▸ Directions
Please take the records that follow and repeat exactly the lines starting with the line with "ends = component_of" and going on through the line with "proof (intro equalityI subsetI)".

▸ Record extracts
lemma card_components_insert_edge:
  fixes F :: "'e set"
  assumes W: "finite W" and e: "ends e = {u, v}" "u \<in> W" "v \<in> W"
  shows "card (components W F ends) =
    card (components W (insert e F) ends) + (if (u, v) \<in> (adj_rel W F ends)\<^sup>* then 0 else 1)"
proof -
  let ?c = "component_of W F ends"
  define A where "A = ?c u \<union> ?c v"
  define X where "X = ?c ` (W - A)"
  have u: "u \<in> ?c u"
    by (rule component_of_self[OF e(2)])
  have v: "v \<in> ?c v"
    by (rule component_of_self[OF e(3)])
  have in_A: "?c x = ?c u \<or> ?c x = ?c v" if "x \<in> A" for x
    using that component_of_eq[of x W F ends u] component_of_eq[of x W F ends v] unfolding A_def by blast
  have not_in_X: "D \<notin> X" if "D \<subseteq> A" for D
  proof
    assume "D \<in> X"
    then obtain y where "y \<in> W - A" "D = ?c y"
      unfolding X_def by blast
    then show False
      using that component_of_self[of y W F ends] by blast
  qed
  have old: "components W F ends = insert (?c u) (insert (?c v) X)"
  proof -
    have "?c ` W = ?c ` (W \<inter> A) \<union> X"
      unfolding X_def by blast
    moreover have "?c ` (W \<inter> A) \<subseteq> {?c u, ?c v}"
      using in_A by auto
    moreover have "?c u \<in> ?c ` (W \<inter> A)" "?c v \<in> ?c ` (W \<inter> A)"
      using u v e(2,3) unfolding A_def by auto
    ultimately show ?thesis
      unfolding components_eq_image by auto
  qed
  have "components W (insert e F) ends = (\<lambda>x. if x \<in> A then A else ?c x) ` W"
    unfolding components_eq_image A_def using component_of_insert_edge[of ends e u v W, OF e] by simp
  also have "\<dots> = insert A X"
    using u e(2) unfolding X_def A_def by auto
  finally have new: "components W (insert e F) ends = insert A X" .
  have "(u, v) \<in> (adj_rel W F ends)\<^sup>* \<longleftrightarrow> v \<in> ?c u"
    unfolding component_of_def using e(3) by simp
  also have "\<dots> \<longleftrightarrow> ?c u = ?c v"
    using component_of_eq[of v W F ends u] v by metis
  finally have conn: "(u, v) \<in> (adj_rel W F ends)\<^sup>* \<longleftrightarrow> ?c u = ?c v" .
  have "finite X"
    unfolding X_def using W by simp
  moreover have "?c u \<notin> X" "?c v \<notin> X" "A \<notin> X"
    using not_in_X unfolding A_def by auto
  ultimately show ?thesis
    unfolding old new conn by (cases "?c u = ?c v") simp_all
qed

lemma components_induced:
  assumes FG: "F \<subseteq> G" and C: "C \<in> components W G ends"
  shows "components C {e \<in> F. ends e \<subseteq> C} ends = {D \<in> components W F ends. D \<subseteq> C}"
proof -
  let ?F = "{e \<in> F. ends e \<subseteq> C}"
  obtain x0 where "C = component_of W G ends x0"
    using C unfolding components_eq_image by blast
  then have CW: "C \<subseteq> W" and G_closed: "adj_rel W G ends `` C \<subseteq> C"
    using component_of_subset component_of_closed by simp_all
  have "adj_rel W F ends `` C \<subseteq> adj_rel W G ends `` C"
    using adj_rel_mono[OF order_refl FG] by blast
  with G_closed have C_closed: "adj_rel W F ends `` C \<subseteq> C"
    by (rule order_trans[rotated])
  have same: "component_of C ?F ends x = component_of W F ends x" if x: "x \<in> C" for x
  proof
    show "component_of C ?F ends x \<subseteq> component_of W F ends x"
      using CW by (rule component_of_mono) blast
    have "adj_rel W F ends `` component_of C ?F ends x \<subseteq> component_of C ?F ends x"
    proof
      fix z assume "z \<in> adj_rel W F ends `` component_of C ?F ends x"
      then obtain y where y: "y \<in> component_of C ?F ends x" and yz: "(y, z) \<in> adj_rel W F ends"
        by blast
      have "y \<in> C"
        using y component_of_subset by fast
      with yz C_closed have "z \<in> C"
        by blast
      with \<open>y \<in> C\<close> yz have "(y, z) \<in> adj_rel C ?F ends"
        unfolding adj_rel_def by auto
      then show "z \<in> component_of C ?F ends x"
        using y component_of_closed[of C ?F ends x] by blast
    qed
    then show "component_of W F ends x \<subseteq> component_of C ?F ends x"
      by (rule component_of_least[OF component_of_self[OF x]])
  qed
  have "components C ?F ends = component_of W F ends ` C"
    unfolding components_eq_image using same by simp
  also have "\<dots> = {D \<in> components W F ends. D \<subseteq> C}"
  proof (intro equalityI subsetI)
    fix D assume "D \<in> component_of W F ends ` C"
    then obtain x where "x \<in> C" "D = component_of W F ends x"
      by blast
    then show "D \<in> {D \<in> components W F ends. D \<subseteq> C}"
      using same[of x] component_of_subset[of C ?F ends x] CW unfolding components_eq_image by auto
  next
    fix D assume "D \<in> {D \<in> components W F ends. D \<subseteq> C}"
    then obtain x where "x \<in> W" "D = component_of W F ends x" "D \<subseteq> C"
      unfolding components_eq_image by blast
    then show "D \<in> component_of W F ends ` C"
      using component_of_self[of x W F ends] by blast
  qed
  finally show ?thesis .
qed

▸ Task result
  have "components C ?F ends = component_of W F ends ` C"
    unfolding components_eq_image using same by simp
  also have "\<dots> = {D \<in> components W F ends. D \<subseteq> C}"
  proof (intro equalityI subsetI)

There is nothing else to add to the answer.